# Busch Gardens Tampa: Is it worthwhile getting the meal plan?



## strandlover (Jul 28, 2011)

We will be travelling to Orlando in March and are skipping "The Mouse" and will be doing Busch Gardens and Grapefruit League Baseball instead.

I noticed that there is a Busch Gardens meal plan offered for $29.99.  With a family of four, including D15 and S12, it seems like a pretty good deal.

Does this include all beverages at concession stands or only in restaurants?  What kind of lineups can we expect from March 2 to March 10?

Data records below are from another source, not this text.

(* If $K_1,\ldots,K_d\subset\mathbb C$ are compact sets that are regular closed (i.e. $\overline{K_i^\circ}=K_i$ for each $i$), then \[ A(K_1\times\cdots\times K_d)=A_D(K_1\times\cdots\times K_d). \]
   Context: For a compact set $K\subset\mathbb C^d$: $A(K)$ is the algebra of continuous functions $K\to\mathbb C$ holomorphic on the interior $K^\circ$; $A_D(K)$ is the set of continuous functions $f:K\to\mathbb C$ such that for every open disc $D\subset\mathbb C$ and every injective holomorphic mapping $\phi:D\to\mathbb C^d$ with $\phi(D)\subset K$, the composition $f\circ\phi$ is holomorphic on $D$. *)

theory Defs
  imports "HOL-Complex_Analysis.Complex_Analysis"
begin

text \<open>C^d is modelled as complex ^ 'n for a finite index type 'n (d = CARD('n)).\<close>

definition complex_linear_vec :: "(complex ^ 'n \<Rightarrow> complex) \<Rightarrow> bool" where
  "complex_linear_vec L \<longleftrightarrow> bounded_linear L \<and> (\<forall>c v. L (c *s v) = c * L v)"

definition holo_vec_on :: "(complex ^ 'n \<Rightarrow> complex) \<Rightarrow> (complex ^ 'n) set \<Rightarrow> bool" where
  "holo_vec_on f U \<longleftrightarrow> (\<forall>z\<in>U. \<exists>L. complex_linear_vec L \<and> (f has_derivative L) (at z))"

definition A_alg :: "(complex ^ 'n) set \<Rightarrow> (complex ^ 'n \<Rightarrow> complex) set" where
  "A_alg K = {f. continuous_on K f \<and> holo_vec_on f (interior K)}"

definition A_D :: "(complex ^ 'n) set \<Rightarrow> (complex ^ 'n \<Rightarrow> complex) set" where
  "A_D K = {f. continuous_on K f \<and>
     (\<forall>(a::complex) (r::real) (\<phi>::complex \<Rightarrow> complex ^ 'n).
        r > 0 \<and> (\<forall>i. (\<lambda>z. \<phi> z $ i) holomorphic_on ball a r) \<and> inj_on \<phi> (ball a r)
        \<and> \<phi> ` ball a r \<subseteq> K \<longrightarrow> (f \<circ> \<phi>) holomorphic_on ball a r)}"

Would love to hear from you.  Thanks....


----------



## northovr (Jul 28, 2011)

Yes if you plan on eating two meals there.  We did it a couple of times ant Busch Gardens Williamsburg and ate at every Restaurant.

thanks 

Daniel Northover


----------



## tahoeJoe (Jul 30, 2011)

Yes, it is a good deal. Bought one a few years ago when I visited. 

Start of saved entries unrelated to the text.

lemmas certificate_5_4_checked =
  certificate_5_4_0_checked certificate_5_4_1_checked

lemma GDD_K4e_5_4:
  "GDD_K4e (cyclic_points 5 4) (cyclic_groups 5 4) (developed_blocks 5 base_blocks_5_4) 5 4"
proof -
  interpret cyclic_K4e_certificate 5 4 base_blocks_5_4 certificate_5_4
  proof
    show "\<forall>bl\<in>set base_blocks_5_4. valid_base_block 5 4 bl"
      by (simp add: base_blocks_5_4_def valid_base_block_def base_vertex_def K4e_edge_list_def
          cyclic_points_def)
    show "certifies 5 4 base_blocks_5_4 0 certificate_5_4"
      by (simp add: certificate_5_4_def certifies_append certificate_5_4_checked)
  qed (simp_all add: certificate_5_4_def base_blocks_5_4_def increasing_triples_4
      certificate_5_4_checked)
  show ?thesis
    by (rule GDD_K4e_developed_blocks)
qed

definition base_blocks_5_6 :: "(nat \<times> nat) list list" where
  "base_blocks_5_6 = [
    [(0,0),(4,4),(1,0),(2,1),(0,3)], [(3,2),(5,0),(1,0),(2,2),(0,2)],
    [(2,3),(5,3),(0,0),(1,3),(2,4)], [(4,1),(5,2),(0,0),(2,0),(1,4)],
    [(1,3),(5,4),(0,0),(3,4),(1,0)], [(2,0),(4,2),(1,0),(3,1),(0,4)],
    [(4,2),(5,1),(0,0),(3,4),(1,2)], [(3,1),(4,1),(0,0),(1,3),(3,2)],
    [(2,4),(4,3),(0,0),(1,4),(3,1)], [(2,3),(5,0),(1,0),(4,0),(0,0)],
    [(0,0),(5,3),(1,4),(4,4),(0,2)], [(2,0),(5,1),(1,0),(4,1),(0,3)],
    [(2,3),(3,2),(0,0),(4,4),(1,2)], [(4,4),(5,1),(0,0),(1,3),(4,2)],
    [(3,3),(4,2),(0,0),(1,4),(4,1)], [(1,4),(2,3),(0,0),(5,1),(1,0)],
    [(0,0),(4,0),(1,2),(5,0),(0,2)], [(4,0),(5,1),(0,0),(1,1),(5,0)],
    [(2,2),(4,1),(1,0),(5,2),(0,3)], [(1,3),(2,1),(0,0),(5,0),(1,4)],
    [(0,0),(1,3),(2,2),(3,3),(0,2)], [(4,3),(5,3),(0,0),(3,1),(2,1)],
    [(1,1),(5,2),(0,0),(3,3),(2,3)], [(4,2),(5,2),(0,0),(2,4),(3,2)],
    [(3,1),(5,1),(0,0),(2,4),(3,3)], [(1,1),(2,3),(0,0),(3,4),(2,4)],
    [(0,0),(5,4),(2,3),(4,1),(0,3)], [(3,4),(5,2),(0,0),(4,4),(2,2)],
    [(2,2),(3,2),(0,0),(4,0),(2,3)], [(1,0),(5,0),(0,0),(2,4),(4,0)],
    [(1,2),(5,3),(0,0),(2,4),(4,1)], [(1,0),(3,3),(2,0),(4,0),(0,1)],
    [(2,3),(4,3),(0,0),(5,2),(2,1)], [(1,1),(4,1),(0,0),(2,2),(5,1)],
    [(1,0),(4,3),(2,3),(5,4),(0,1)], [(1,0),(2,0),(0,0),(5,4),(2,2)],
    [(1,0),(3,0),(0,0),(2,3),(5,0)], [(1,1),(3,0),(0,0),(2,4),(5,4)],
    [(3,2),(5,3),(0,0),(4,2),(3,0)], [(2,2),(4,3),(0,0),(3,4),(4,0)],
    [(2,1),(3,2),(0,0),(4,1),(3,4)], [(1,2),(2,1),(0,0),(3,0),(5,1)],
    [(1,2),(3,2),(0,0),(5,2),(3,0)], [(0,0),(2,0),(3,2),(5,1),(0,2)],
    [(2,3),(4,2),(0,0),(3,1),(5,0)], [(0,0),(4,0),(3,1),(5,4),(0,4)],
    [(1,2),(2,0),(0,0),(3,3),(5,1)], [(2,0),(4,0),(0,0),(5,3),(3,3)],
    [(2,0),(4,2),(3,4),(5,3),(0,0)], [(2,0),(3,3),(4,3),(5,2),(0,2)],
    [(1,0),(2,4),(4,3),(5,1),(0,1)], [(0,0),(1,1),(4,3),(5,4),(0,4)],
    [(0,0),(3,1),(1,2),(2,2),(3,2)], [(2,2),(5,3),(1,0),(3,1),(2,1)],
    [(0,0),(5,2),(1,4),(2,2),(3,2)], [(4,0),(5,3),(1,0),(2,4),(3,4)],
    [(0,0),(5,3),(1,1),(2,1),(4,4)], [(0,0),(1,1),(2,0),(4,2),(1,4)],
    [(3,4),(4,4),(1,0),(2,2),(4,0)], [(1,0),(3,2),(2,1),(4,2),(1,4)],
    [(0,0),(5,1),(1,2),(4,1),(2,0)], [(0,0),(2,2),(1,0),(4,2),(2,4)],
    [(0,0),(3,2),(1,4),(5,4),(2,0)], [(3,3),(4,4),(1,0),(5,3),(2,1)],
    [(1,0),(4,2),(2,3),(5,1),(1,2)], [(0,0),(3,4),(1,4),(2,1),(5,3)],
    [(4,4),(5,2),(1,0),(3,0),(4,0)], [(0,0),(5,2),(1,3),(4,0),(3,3)],
    [(0,0),(3,0),(1,3),(4,3),(3,4)], [(0,0),(2,1),(3,3),(4,0),(1,1)],
    [(0,0),(2,0),(3,4),(5,0),(1,4)], [(0,0),(4,1),(3,0),(5,3),(1,0)],
    [(0,0),(4,4),(1,1),(3,1),(5,0)], [(0,0),(4,0),(1,4),(3,0),(5,3)],
    [(0,0),(2,2),(3,0),(5,0),(1,3)], [(3,4),(4,1),(1,0),(5,4),(3,3)],
    [(1,0),(4,2),(3,3),(5,2),(1,4)], [(1,0),(3,1),(4,3),(5,0),(1,3)],
    [(2,3),(3,2),(1,0),(4,1),(5,0)], [(0,0),(3,2),(1,0),(4,3),(5,2)],
    [(2,4),(3,1),(1,0),(4,4),(5,1)], [(2,0),(5,4),(3,4),(4,4),(2,4)],
    [(1,0),(2,1),(3,0),(4,1),(2,0)], [(1,0),(5,3),(2,0),(3,2),(4,3)],
    [(0,0),(5,4),(2,1),(4,2),(3,4)], [(0,0),(4,4),(2,0),(3,0),(5,0)],
    [(1,0),(4,0),(3,4),(5,1),(2,4)], [(4,2),(5,1),(2,0),(3,0),(5,4)],
    [(1,0),(3,2),(2,4),(5,4),(3,0)], [(0,0),(1,0),(3,1),(5,2),(2,0)],
    [(4,3),(5,4),(2,0),(3,1),(5,3)], [(3,3),(4,2),(2,0),(5,4),(3,2)],
    [(1,0),(2,1),(3,4),(5,2),(2,0)], [(0,0),(3,3),(4,4),(5,4),(2,4)],
    [(0,0),(3,3),(4,3),(5,0),(2,3)], [(1,0),(3,3),(2,1),(5,1),(4,2)],
    [(0,0),(4,3),(2,1),(5,1),(4,4)], [(1,0),(3,4),(4,2),(5,0),(3,1)],
    [(0,0),(1,0),(3,3),(4,1),(5,1)], [(2,0),(4,4),(3,1),(5,1),(4,0)]]"

definition certificate_5_6_0 :: "(nat \<times> nat \<times> nat) list" where
  "certificate_5_6_0 = [
    (35,0,0), (0,2,0), (61,0,0), (36,2,0), (29,2,0), (57,0,0), (56,2,0), (33,2,0), (25,0,0),
    (37,2,0), (46,0,0), (41,0,0), (52,2,0), (0,4,2), (30,2,0), (1,4,3), (19,0,0), (20,0,0),
    (2,2,0), (2,4,0), (3,4,0), (65,2,0), (54,2,0), (15,0,0), (8,2,0), (36,0,0), (89,0,0),
    (79,0,0), (98,0,0), (4,4,0), (37,0,0), (72,2,0), (5,4,1), (22,2,0), (25,2,0), (41,2,0),
    (52,0,0), (42,0,0), (46,2,0), (6,4,0), (68,0,0), (7,2,0), (7,4,0), (20,1,0), (4,2,0),
    (73,2,0), (8,4,0), (62,0,0), (14,2,0), (65,0,0)]"

lemma certificate_5_6_0_checked:
  "length certificate_5_6_0 = 50" "certifies 5 6 base_blocks_5_6 0 certificate_5_6_0"
  by (simp_all add: certificate_5_6_0_def base_blocks_5_6_def certificate_evaluation
      increasing_triples_6)

definition certificate_5_6_1 :: "(nat \<times> nat \<times> nat) list" where
  "certificate_5_6_1 = [
    (9,4,0), (98,1,0), (61,2,0), (79,2,0), (0,0,0), (17,2,0), (33,0,0), (57,1,0), (51,0,0),
    (72,0,0), (16,0,0), (60,2,0), (10,4,3), (11,4,2), (12,4,0), (67,2,0), (7,3,0), (13,4,0),
    (68,2,0), (13,2,0), (73,0,0), (14,4,0), (14,3,0), (8,3,0), (10,2,0), (29,0,0), (15,4,0),
    (89,1,0), (16,4,3), (35,2,0), (17,4,0), (17,3,0), (22,0,0), (56,0,0), (51,1,0), (16,2,0),
    (60,0,0), (42,2,0), (30,0,0), (18,4,2), (19,2,0), (13,3,0), (67,0,0), (2,3,0), (4,0,0),
    (19,4,0), (15,2,0), (54,0,0), (10,0,0), (62,2,0)]"

lemma certificate_5_6_1_checked:
  "length certificate_5_6_1 = 50" "certifies 5 6 base_blocks_5_6 50 certificate_5_6_1"
  by (simp_all add: certificate_5_6_1_def base_blocks_5_6_def certificate_evaluation
      increasing_triples_6)

definition certificate_5_6_2 :: "(nat \<times> nat \<times> nat) list" where
  "certificate_5_6_2 = [
    (85,2,0), (20,4,3), (43,0,0), (46,3,0), (70,0,0), (41,3,0), (21,4,0), (40,0,0), (69,0,0),
    (65,1,0), (74,0,0), (52,1,0), (28,0,0), (20,2,0), (39,2,0), (36,3,0), (44,2,0), (12,0,0),
    (22,4,0), (25,3,0), (37,3,0), (24,2,0), (23,4,0), (24,4,0), (25,4,0), (47,0,0), (3,2,0),
    (57,2,0), (26,4,2), (85,0,0), (69,1,0), (40,2,0), (84,2,0), (96,0,0), (0,1,0), (28,2,0),
    (33,3,0), (61,1,0), (39,0,0), (27,4,0), (28,4,0), (26,2,0), (44,0,0), (32,0,0), (12,2,0),
    (29,4,0), (30,4,0), (23,2,0), (8,0,0), (31,4,4)]"

lemma certificate_5_6_2_checked:
  "length certificate_5_6_2 = 50" "certifies 5 6 base_blocks_5_6 100 certificate_5_6_2"
  by (simp_all add: certificate_5_6_2_def base_blocks_5_6_def certificate_evaluation
      increasing_triples_6)

definition certificate_5_6_3 :: "(nat \<times> nat \<times> nat) list" where
  "certificate_5_6_3 = [
    (70,1,0), (43,1,0), (3,3,0), (47,2,0), (35,3,0), (19,3,0), (96,2,0), (32,4,0), (56,1,0),
    (84,0,0), (74,1,0), (33,4,0), (54,1,0), (34,4,4), (35,4,0), (36,4,0), (15,3,0), (32,2,0),
    (2,0,0), (26,0,0), (29,3,0), (24,3,0), (23,3,0), (30,3,0), (37,4,0), (73,1,0), (71,0,0),
    (38,4,0), (68,1,0), (85,1,0), (45,0,0), (7,0,0), (44,3,0), (21,2,0), (72,1,0), (28,3,0),
    (40,3,0), (38,2,0), (79,1,0), (12,3,0), (69,2,0), (98,2,0), (14,0,0), (94,0,0), (93,0,0),
    (39,4,0), (40,4,0), (6,2,0), (39,3,0), (27,2,0)]"

lemma certificate_5_6_3_checked:
  "length certificate_5_6_3 = 50" "certifies 5 6 base_blocks_5_6 150 certificate_5_6_3"
  by (simp_all add: certificate_5_6_3_def base_blocks_5_6_def certificate_evaluation
      increasing_triples_6)

definition certificate_5_6_4 :: "(nat \<times> nat \<times> nat) list" where
  "certificate_5_6_4 = [
    (74,2,0), (41,4,0), (42,4,0), (71,2,0), (43,4,3), (44,4,0), (24,0,0), (89,2,0), (21,3,0),
    (45,2,0), (45,4,1), (43,2,0), (42,3,0), (38,0,0), (62,1,0), (94,1,0), (46,4,0), (22,3,0),
    (47,4,0), (93,1,0), (70,2,0), (6,3,0), (27,0,0), (48,4,0), (4,3,0), (16,1,0), (17,0,0),
    (67,1,0), (47,3,0), (45,1,0), (49,4,3), (60,1,0), (3,0,0), (71,1,0), (26,1,0), (50,4,4),
    (6,0,0), (23,0,0), (38,3,0), (84,1,0), (94,2,0), (96,1,0), (32,3,0), (21,0,0), (51,2,0),
    (51,4,1), (13,0,0), (27,3,0), (10,1,0), (93,2,0)]"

If I recall correctly, you could not use the pass (bracelet) at every restaurant, although many places do accept the bracelet. Mine came with a beverage, don't remember if I paid extra for that. I do recall getting a discount with my Busch annual passport.  

-TJ


----------



## strandlover (Aug 1, 2011)

Thank you very much to both of you for the responses.  I will definitely get the meal plan as we intend to stay there all day.

I just bought the tickets to Busch Gardens and paid $64.99 + tax + we get a free admission.  Sounds like great value!


----------



## LouiseG (Aug 7, 2011)

It is extra for drinks outside of your dining experience.  But they do have a deal on that also and if you're coming while it's still hot you might want to do it for the kids at least and make them share with you.


----------



## lisa1001 (Aug 12, 2011)

You can go through the restaurant line a get a drink only.  You just cannot get drinks at a kiosk.


----------